lemma triangle_weights:
  fixes z1 z2 z3 :: real
  assumes z: "z1 \<in> {0..1}" "z2 \<in> {0..1}" "z3 \<in> {0..1}"
    and balanced: "z1 * z2 * z3 = (1 - z1) * (1 - z2) * (1 - z3)"
  defines "P \<equiv> (1 - z1) * (1 - z2) * (1 - z3)"
  defines "m12 \<equiv> (P - (1 - z1) * (1 - z2) + (1 - z1)) / (P + 1)"
    and "m23 \<equiv> (P - (1 - z2) * (1 - z3) + (1 - z2)) / (P + 1)"
    and "m31 \<equiv> (P - (1 - z3) * (1 - z1) + (1 - z3)) / (P + 1)"
  shows "m12 \<ge> 0" "m23 \<ge> 0" "m31 \<ge> 0" "m12 + m23 + m31 = 1"
    and "m23 = z3 * (1 - m12)" "m31 = (1 - z3) * (1 - m12)"
    and "m31 = z1 * (1 - m23)" "m12 = (1 - z1) * (1 - m23)"
    and "m12 = z2 * (1 - m31)" "m23 = (1 - z2) * (1 - m31)"
proof -
  have "P \<ge> 0"
    using z by (simp add: P_def)
  then have "P + 1 > 0"
    by simp
  have le1: "(1 - z2) * z3 \<le> 1" "(1 - z3) * z1 \<le> 1" "(1 - z1) * z2 \<le> 1"
    using z by (auto intro: mult_le_one)
  have numerators: "P - (1 - z1) * (1 - z2) + (1 - z1) = (1 - z1) * (1 - (1 - z2) * z3)"
    "P - (1 - z2) * (1 - z3) + (1 - z2) = (1 - z2) * (1 - (1 - z3) * z1)"
    "P - (1 - z3) * (1 - z1) + (1 - z3) = (1 - z3) * (1 - (1 - z1) * z2)"
    unfolding P_def by (simp_all add: algebra_simps)
  show "m12 \<ge> 0" "m23 \<ge> 0" "m31 \<ge> 0"
    unfolding m12_def m23_def m31_def numerators using \<open>P + 1 > 0\<close> z le1 by simp_all
  txt \<open>The balance condition says exactly that the three numerators add up to \<open>P + 1\<close>.\<close>
  have "(P - (1 - z1) * (1 - z2) + (1 - z1)) + (P - (1 - z2) * (1 - z3) + (1 - z2))
      + (P - (1 - z3) * (1 - z1) + (1 - z3)) = P + 1"
    using balanced unfolding P_def by algebra
  then show sum: "m12 + m23 + m31 = 1"
    unfolding m12_def m23_def m31_def using \<open>P + 1 > 0\<close>
    by (simp add: add_divide_distrib[symmetric])
  show rec: "m31 = (1 - z3) * (1 - m12)" "m12 = (1 - z1) * (1 - m23)" "m23 = (1 - z2) * (1 - m31)"
    unfolding m12_def m23_def m31_def using \<open>P + 1 > 0\<close>
    by (simp_all add: field_simps) (simp_all add: P_def algebra_simps)
  show "m23 = z3 * (1 - m12)"
    using sum rec(1) by algebra
  show "m31 = z1 * (1 - m23)"
    using sum rec(2) by algebra
  show "m12 = z2 * (1 - m31)"
    using sum rec(3) by algebra
qed

lemma triangle_ratios:
  fixes w1 w2 w3 :: real
  assumes "w1 > 0" "w2 > 0" "w3 > 0"
    and "w1 \<le> w2 + w3" "w2 \<le> w3 + w1" "w3 \<le> w1 + w2"
  defines "z1 \<equiv> (w2 + w3 - w1) / (2 * w2)"
    and "z2 \<equiv> (w3 + w1 - w2) / (2 * w3)"
    and "z3 \<equiv> (w1 + w2 - w3) / (2 * w1)"
  shows "z1 \<in> {0..1}" "z2 \<in> {0..1}" "z3 \<in> {0..1}"
    and "z1 * z2 * z3 = (1 - z1) * (1 - z2) * (1 - z3)"
proof -
  show "z1 \<in> {0..1}" "z2 \<in> {0..1}" "z3 \<in> {0..1}"
    using assms by (auto simp: z1_def z2_def z3_def divide_simps)
  show "z1 * z2 * z3 = (1 - z1) * (1 - z2) * (1 - z3)"
    using assms by (simp add: z1_def z2_def z3_def field_simps)
qed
=-=-=
◆ **Task to complete**: Transcribe the listing shown above in full and without change.

◆ **Response for this exercise**:
lemma triangle_weights:
  fixes z1 z2 z3 :: real
  assumes z: "z1 \<in> {0..1}" "z2 \<in> {0..1}" "z3 \<in> {0..1}"
    and balanced: "z1 * z2 * z3 = (1 - z1) * (1 - z2) * (1 - z3)"
  defines "P \<equiv> (1 - z1) * (1 - z2) * (1 - z3)"
  defines "m12 \<equiv> (P - (1 - z1) * (1 - z2) + (1 - z1)) / (P + 1)"
    and "m23 \<equiv> (P - (1 - z2) * (1 - z3) + (1 - z2)) / (P + 1)"
    and "m31 \<equiv> (P - (1 - z3) * (1 - z1) + (1 - z3)) / (P + 1)"
  shows "m12 \<ge> 0" "m23 \<ge> 0" "m31 \<ge> 0" "m12 + m23 + m31 = 1"
    and "m23 = z3 * (1 - m12)" "m31 = (1 - z3) * (1 - m12)"
    and "m31 = z1 * (1 - m23)" "m12 = (1 - z1) * (1 - m23)"
    and "m12 = z2 * (1 - m31)" "m23 = (1 - z2) * (1 - m31)"
proof -
  have "P \<ge> 0"
    using z by (simp add: P_def)
  then have "P + 1 > 0"
    by simp
  have le1: "(1 - z2) * z3 \<le> 1" "(1 - z3) * z1 \<le> 1" "(1 - z1) * z2 \<le> 1"
    using z by (auto intro: mult_le_one)
  have numerators: "P - (1 - z1) * (1 - z2) + (1 - z1) = (1 - z1) * (1 - (1 - z2) * z3)"
    "P - (1 - z2) * (1 - z3) + (1 - z2) = (1 - z2) * (1 - (1 - z3) * z1)"
    "P - (1 - z3) * (1 - z1) + (1 - z3) = (1 - z3) * (1 - (1 - z1) * z2)"
    unfolding P_def by (simp_all add: algebra_simps)
  show "m12 \<ge> 0" "m23 \<ge> 0" "m31 \<ge> 0"
    unfolding m12_def m23_def m31_def numerators using \<open>P + 1 > 0\<close> z le1 by simp_all
  txt \<open>The balance condition says exactly that the three numerators add up to \<open>P + 1\<close>.\<close>
  have "(P - (1 - z1) * (1 - z2) + (1 - z1)) + (P - (1 - z2) * (1 - z3) + (1 - z2))
      + (P - (1 - z3) * (1 - z1) + (1 - z3)) = P + 1"
    using balanced unfolding P_def by algebra
  then show sum: "m12 + m23 + m31 = 1"
    unfolding m12_def m23_def m31_def using \<open>P + 1 > 0\<close>
    by (simp add: add_divide_distrib[symmetric])
  show rec: "m31 = (1 - z3) * (1 - m12)" "m12 = (1 - z1) * (1 - m23)" "m23 = (1 - z2) * (1 - m31)"
    unfolding m12_def m23_def m31_def using \<open>P + 1 > 0\<close>
    by (simp_all add: field_simps) (simp_all add: P_def algebra_simps)
  show "m23 = z3 * (1 - m12)"
    using sum rec(1) by algebra
  show "m31 = z1 * (1 - m23)"
    using sum rec(2) by algebra
  show "m12 = z2 * (1 - m31)"
    using sum rec(3) by algebra
qed

lemma triangle_ratios:
  fixes w1 w2 w3 :: real
  assumes "w1 > 0" "w2 > 0" "w3 > 0"
    and "w1 \<le> w2 + w3" "w2 \<le> w3 + w1" "w3 \<le> w1 + w2"
  defines "z1 \<equiv> (w2 + w3 - w1) / (2 * w2)"
    and "z2 \<equiv> (w3 + w1 - w2) / (2 * w3)"
    and "z3 \<equiv> (w1 + w2 - w3) / (2 * w1)"
  shows "z1 \<in> {0..1}" "z2 \<in> {0..1}" "z3 \<in> {0..1}"
    and "z1 * z2 * z3 = (1 - z1) * (1 - z2) * (1 - z3)"
proof -
  show "z1 \<in> {0..1}" "z2 \<in> {0..1}" "z3 \<in> {0..1}"
    using assms by (auto simp: z1_def z2_def z3_def divide_simps)
  show "z1 * z2 * z3 = (1 - z1) * (1 - z2) * (1 - z3)"
    using assms by (simp add: z1_def z2_def z3_def field_simps)
qed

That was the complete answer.